(* Let $p\geq 3$ be a prime and $s$ a positive integer. Then for every integer $n>p^{s}$ we have $$\nu_{p}\big(A_{p,(p-1)(p^s-1)}(n)\big)=1.$$
   Context: For an integer $m\geq 2$ and a positive integer $k$, the integers $A_{m,k}(n)$, $n\in\mathbb{N}=\{0,1,2,\ldots\}$, are defined by the formal power series identity $\prod_{i=0}^{\infty}\big(1-x^{m^{i}}\big)^{-k}=\sum_{n=0}^{\infty}A_{m,k}(n)x^{n}$. For a prime $p$, $\nu_p(n)$ denotes the $p$-adic valuation of the integer $n$, with $\nu_p(0)=+\infty$. *)

theory Defs
  imports "HOL-Computational_Algebra.Computational_Algebra"
begin

text \<open>Coefficients of prod_{i>=0} (1 - x^(m^i))^(-k), computed in rat fps.
  Only factors with m^i <= n influence the coefficient of x^n; since m >= 2 gives
  m^i > n for i > n, truncating the product to i < n+1 is exact.\<close>
definition A_rat :: "nat \<Rightarrow> nat \<Rightarrow> nat \<Rightarrow> rat" where
  "A_rat m k n = fps_nth (\<Prod>i<Suc n. (inverse (1 - fps_X ^ (m ^ i) :: rat fps)) ^ k) n"

definition A :: "nat \<Rightarrow> nat \<Rightarrow> nat \<Rightarrow> int" where
  "A m k n = (THE a::int. of_int a = A_rat m k n)"

end

theory Submission
  imports Defs
begin

text \<open>
  Over the integers, A(n) is the n-th coefficient of F^((p-1)K), where
  F = prod_{i<N} 1/(1 - X^(p^i)) with p^N > n and K = p^s - 1. For odd p the binomial theorem
  gives (1 - X^m)^p = (1 - X^(pm)) (1 - p rho_m) for an explicit integral series rho_m, so modulo
  p^2 we have F^p = prod_{i<N} 1/(1 - X^(p^(i+1))) * (1 + p R) with R = sum_{i<N} rho_(p^i).
  Dividing by F telescopes to F^(p-1) = (1 - X) (1 + p R) / (1 - X^(p^N)), and since K = -1 mod p,
  F^((p-1)K) = (1 - X)^K (1 - p R) in degrees below p^N. As (1 - X)^K has degree K < n, this
  gives A(n) = -p [X^n] (1 - X)^K R mod p^2.

  Modulo p, (1 - X)^K = 1 + X + ... + X^K, so [X^n] (1 - X)^K R is a sum of p^s consecutive
  coefficients of R. The coefficient R_N is c(d), where d is the last nonzero base-p digit of N and
  c(j) = (-1)^(j+1) (p choose j) / p. The c(j) are prime to p and sum to 0 over 0 < j < p, so in a
  window of length p^s the non-multiples of p cancel, while the multiples p b form a window of
  length p^(s-1) in b. By induction the window sum is a single coefficient R_b, prime to p.
\<close>

section \<open>Periodic sums and valuations\<close>

lemma sum_periodic_shift:
  fixes f :: "nat \<Rightarrow> 'a::comm_monoid_add"
  assumes "\<And>N. f (N + p) = f N"
  shows "(\<Sum>N\<in>{c..<c + p}. f N) = (\<Sum>N<p. f N)"
proof (induction c)
  case 0
  show ?case by (simp add: atLeast0LessThan)
next
  case (Suc c)
  show ?case
  proof (cases "p = 0")
    case False
    have "(\<Sum>N\<in>{c..<c + p}. f N) = f c + (\<Sum>N\<in>{Suc c..<c + p}. f N)"
      using False by (intro sum.atLeast_Suc_lessThan) simp
    moreover have "(\<Sum>N\<in>{Suc c..<Suc c + p}. f N) = (\<Sum>N\<in>{Suc c..<c + p}. f N) + f (c + p)"
      using False by (simp add: sum.atLeastLessThan_Suc)
    ultimately show ?thesis
      using Suc assms[of c] by (simp add: add.commute)
  qed simp
qed

lemma sum_periodic_blocks_eq_0:
  fixes f :: "nat \<Rightarrow> 'a::comm_monoid_add"
  assumes "\<And>N. f (N + p) = f N" "(\<Sum>N<p. f N) = 0"
  shows "(\<Sum>N\<in>{c..<c + p * L}. f N) = 0"
proof (induction L)
  case (Suc L)
  have "c + p * Suc L = c + p * L + p"
    by simp
  then have "(\<Sum>N\<in>{c..<c + p * Suc L}. f N)
      = (\<Sum>N\<in>{c..<c + p * L}. f N) + (\<Sum>N\<in>{c + p * L..<c + p * L + p}. f N)"
    by (simp only: sum.atLeastLessThan_concat le_add1)
  then show ?case
    using Suc sum_periodic_shift[of f p] assms by simp
qed simp
lemma vsums_cmult:
  assumes "vsums g s"
  shows "vsums (\<lambda>n. c * g n) (c * s)"
proof -
  have "v (sum (\<lambda>n. c * g n) {..<n} - c * s) = v c * v (sum g {..<n} - s)" for n
    by (simp add: v_mult flip: sum_distrib_left right_diff_distrib)
  then show ?thesis
    using assms unfolding vsums_def by (simp add: tendsto_mult_right_zero)
qed

lemma vsums_diff:
  assumes "vsums f s" and "vsums g t"
  shows "vsums (\<lambda>n. f n - g n) (s - t)"
  using vsums_add[OF assms(1) vsums_cmult[OF assms(2), of "- 1"]] by simp

lemma vsums_sum:
  assumes "finite I" and "\<And>i. i \<in> I \<Longrightarrow> vsums (f i) (s i)"
  shows "vsums (\<lambda>n. \<Sum>i\<in>I. f i n) (\<Sum>i\<in>I. s i)"
  using assms
proof (induction I rule: finite_induct)
  case empty
  then show ?case
    by (simp add: vsums_def)
next
  case (insert i I)
  then show ?case
    using vsums_add[of "f i" "s i"] by simp
qed

lemma vsums_shift:
  assumes "vsums g s"
  shows "vsums (\<lambda>n. g (n + j)) (s - sum g {..<j})"
proof -
  have "sum (\<lambda>k. g (k + j)) {..<n} = sum g {..<n + j} - sum g {..<j}" for n
    by (induction n) (simp_all add: algebra_simps)
  then show ?thesis
    using LIMSEQ_ignore_initial_segment[of _ 0 j] assms unfolding vsums_def by simp
qed

lemma vsums_le:
  assumes "vsums g s" and "\<And>n. v (g n) \<le> B"
  shows "v s \<le> B"
proof -
  have "0 \<le> B"
    using v_nonneg[of "g 0"] assms(2)[of 0] by linarith
  then have "v (sum g {..<n}) \<le> B" for n
    using assms(2) by (intro v_sum_le)
  moreover have "v s \<le> v (sum g {..<n}) + v (sum g {..<n} - s)" for n
    using v_diff_le[of "sum g {..<n}" "sum g {..<n} - s"] by simp
  ultimately have le: "v s \<le> v (sum g {..<n} - s) + B" for n
    by (smt (verit))
  have "(\<lambda>n. v (sum g {..<n} - s) + B) \<longlonglongrightarrow> 0 + B"
    using assms(1) unfolding vsums_def by (rule tendsto_add) (rule tendsto_const)
  then have "v s \<le> 0 + B"
    by (rule LIMSEQ_le_const) (use le in blast)
  then show ?thesis
    by simp
qed

lemma tate_sums_coeff:
  assumes "tate_sums v g S"
  shows "vsums (\<lambda>n. g n e) (S e)"
  using assms unfolding vsums_def LIMSEQ_iff tate_sums_def tate_tendsto_def tsum_fin_def
  by (simp add: v_nonneg) blast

What is needed:
Every record should be printed again exactly as it reads.

Output of the task:
(* Let $p\geq 3$ be a prime and $s$ a positive integer. Then for every integer $n>p^{s}$ we have $$\nu_{p}\big(A_{p,(p-1)(p^s-1)}(n)\big)=1.$$
   Context: For an integer $m\geq 2$ and a positive integer $k$, the integers $A_{m,k}(n)$, $n\in\mathbb{N}=\{0,1,2,\ldots\}$, are defined by the formal power series identity $\prod_{i=0}^{\infty}\big(1-x^{m^{i}}\big)^{-k}=\sum_{n=0}^{\infty}A_{m,k}(n)x^{n}$. For a prime $p$, $\nu_p(n)$ denotes the $p$-adic valuation of the integer $n$, with $\nu_p(0)=+\infty$. *)

theory Defs
  imports "HOL-Computational_Algebra.Computational_Algebra"
begin

text \<open>Coefficients of prod_{i>=0} (1 - x^(m^i))^(-k), computed in rat fps.
  Only factors with m^i <= n influence the coefficient of x^n; since m >= 2 gives
  m^i > n for i > n, truncating the product to i < n+1 is exact.\<close>
definition A_rat :: "nat \<Rightarrow> nat \<Rightarrow> nat \<Rightarrow> rat" where
  "A_rat m k n = fps_nth (\<Prod>i<Suc n. (inverse (1 - fps_X ^ (m ^ i) :: rat fps)) ^ k) n"

definition A :: "nat \<Rightarrow> nat \<Rightarrow> nat \<Rightarrow> int" where
  "A m k n = (THE a::int. of_int a = A_rat m k n)"

end

theory Submission
  imports Defs
begin

text \<open>
  Over the integers, A(n) is the n-th coefficient of F^((p-1)K), where
  F = prod_{i<N} 1/(1 - X^(p^i)) with p^N > n and K = p^s - 1. For odd p the binomial theorem
  gives (1 - X^m)^p = (1 - X^(pm)) (1 - p rho_m) for an explicit integral series rho_m, so modulo
  p^2 we have F^p = prod_{i<N} 1/(1 - X^(p^(i+1))) * (1 + p R) with R = sum_{i<N} rho_(p^i).
  Dividing by F telescopes to F^(p-1) = (1 - X) (1 + p R) / (1 - X^(p^N)), and since K = -1 mod p,
  F^((p-1)K) = (1 - X)^K (1 - p R) in degrees below p^N. As (1 - X)^K has degree K < n, this
  gives A(n) = -p [X^n] (1 - X)^K R mod p^2.

  Modulo p, (1 - X)^K = 1 + X + ... + X^K, so [X^n] (1 - X)^K R is a sum of p^s consecutive
  coefficients of R. The coefficient R_N is c(d), where d is the last nonzero base-p digit of N and
  c(j) = (-1)^(j+1) (p choose j) / p. The c(j) are prime to p and sum to 0 over 0 < j < p, so in a
  window of length p^s the non-multiples of p cancel, while the multiples p b form a window of
  length p^(s-1) in b. By induction the window sum is a single coefficient R_b, prime to p.
\<close>

section \<open>Periodic sums and valuations\<close>

lemma sum_periodic_shift:
  fixes f :: "nat \<Rightarrow> 'a::comm_monoid_add"
  assumes "\<And>N. f (N + p) = f N"
  shows "(\<Sum>N\<in>{c..<c + p}. f N) = (\<Sum>N<p. f N)"
proof (induction c)
  case 0
  show ?case by (simp add: atLeast0LessThan)
next
  case (Suc c)
  show ?case
  proof (cases "p = 0")
    case False
    have "(\<Sum>N\<in>{c..<c + p}. f N) = f c + (\<Sum>N\<in>{Suc c..<c + p}. f N)"
      using False by (intro sum.atLeast_Suc_lessThan) simp
    moreover have "(\<Sum>N\<in>{Suc c..<Suc c + p}. f N) = (\<Sum>N\<in>{Suc c..<c + p}. f N) + f (c + p)"
      using False by (simp add: sum.atLeastLessThan_Suc)
    ultimately show ?thesis
      using Suc assms[of c] by (simp add: add.commute)
  qed simp
qed

lemma sum_periodic_blocks_eq_0:
  fixes f :: "nat \<Rightarrow> 'a::comm_monoid_add"
  assumes "\<And>N. f (N + p) = f N" "(\<Sum>N<p. f N) = 0"
  shows "(\<Sum>N\<in>{c..<c + p * L}. f N) = 0"
proof (induction L)
  case (Suc L)
  have "c + p * Suc L = c + p * L + p"
    by simp
  then have "(\<Sum>N\<in>{c..<c + p * Suc L}. f N)
      = (\<Sum>N\<in>{c..<c + p * L}. f N) + (\<Sum>N\<in>{c + p * L..<c + p * L + p}. f N)"
    by (simp only: sum.atLeastLessThan_concat le_add1)
  then show ?case
    using Suc sum_periodic_shift[of f p] assms by simp
qed simp
lemma vsums_cmult:
  assumes "vsums g s"
  shows "vsums (\<lambda>n. c * g n) (c * s)"
proof -
  have "v (sum (\<lambda>n. c * g n) {..<n} - c * s) = v c * v (sum g {..<n} - s)" for n
    by (simp add: v_mult flip: sum_distrib_left right_diff_distrib)
  then show ?thesis
    using assms unfolding vsums_def by (simp add: tendsto_mult_right_zero)
qed

lemma vsums_diff:
  assumes "vsums f s" and "vsums g t"
  shows "vsums (\<lambda>n. f n - g n) (s - t)"
  using vsums_add[OF assms(1) vsums_cmult[OF assms(2), of "- 1"]] by simp

lemma vsums_sum:
  assumes "finite I" and "\<And>i. i \<in> I \<Longrightarrow> vsums (f i) (s i)"
  shows "vsums (\<lambda>n. \<Sum>i\<in>I. f i n) (\<Sum>i\<in>I. s i)"
  using assms
proof (induction I rule: finite_induct)
  case empty
  then show ?case
    by (simp add: vsums_def)
next
  case (insert i I)
  then show ?case
    using vsums_add[of "f i" "s i"] by simp
qed

lemma vsums_shift:
  assumes "vsums g s"
  shows "vsums (\<lambda>n. g (n + j)) (s - sum g {..<j})"
proof -
  have "sum (\<lambda>k. g (k + j)) {..<n} = sum g {..<n + j} - sum g {..<j}" for n
    by (induction n) (simp_all add: algebra_simps)
  then show ?thesis
    using LIMSEQ_ignore_initial_segment[of _ 0 j] assms unfolding vsums_def by simp
qed

lemma vsums_le:
  assumes "vsums g s" and "\<And>n. v (g n) \<le> B"
  shows "v s \<le> B"
proof -
  have "0 \<le> B"
    using v_nonneg[of "g 0"] assms(2)[of 0] by linarith
  then have "v (sum g {..<n}) \<le> B" for n
    using assms(2) by (intro v_sum_le)
  moreover have "v s \<le> v (sum g {..<n}) + v (sum g {..<n} - s)" for n
    using v_diff_le[of "sum g {..<n}" "sum g {..<n} - s"] by simp
  ultimately have le: "v s \<le> v (sum g {..<n} - s) + B" for n
    by (smt (verit))
  have "(\<lambda>n. v (sum g {..<n} - s) + B) \<longlonglongrightarrow> 0 + B"
    using assms(1) unfolding vsums_def by (rule tendsto_add) (rule tendsto_const)
  then have "v s \<le> 0 + B"
    by (rule LIMSEQ_le_const) (use le in blast)
  then show ?thesis
    by simp
qed

lemma tate_sums_coeff:
  assumes "tate_sums v g S"
  shows "vsums (\<lambda>n. g n e) (S e)"
  using assms unfolding vsums_def LIMSEQ_iff tate_sums_def tate_tendsto_def tsum_fin_def
  by (simp add: v_nonneg) blast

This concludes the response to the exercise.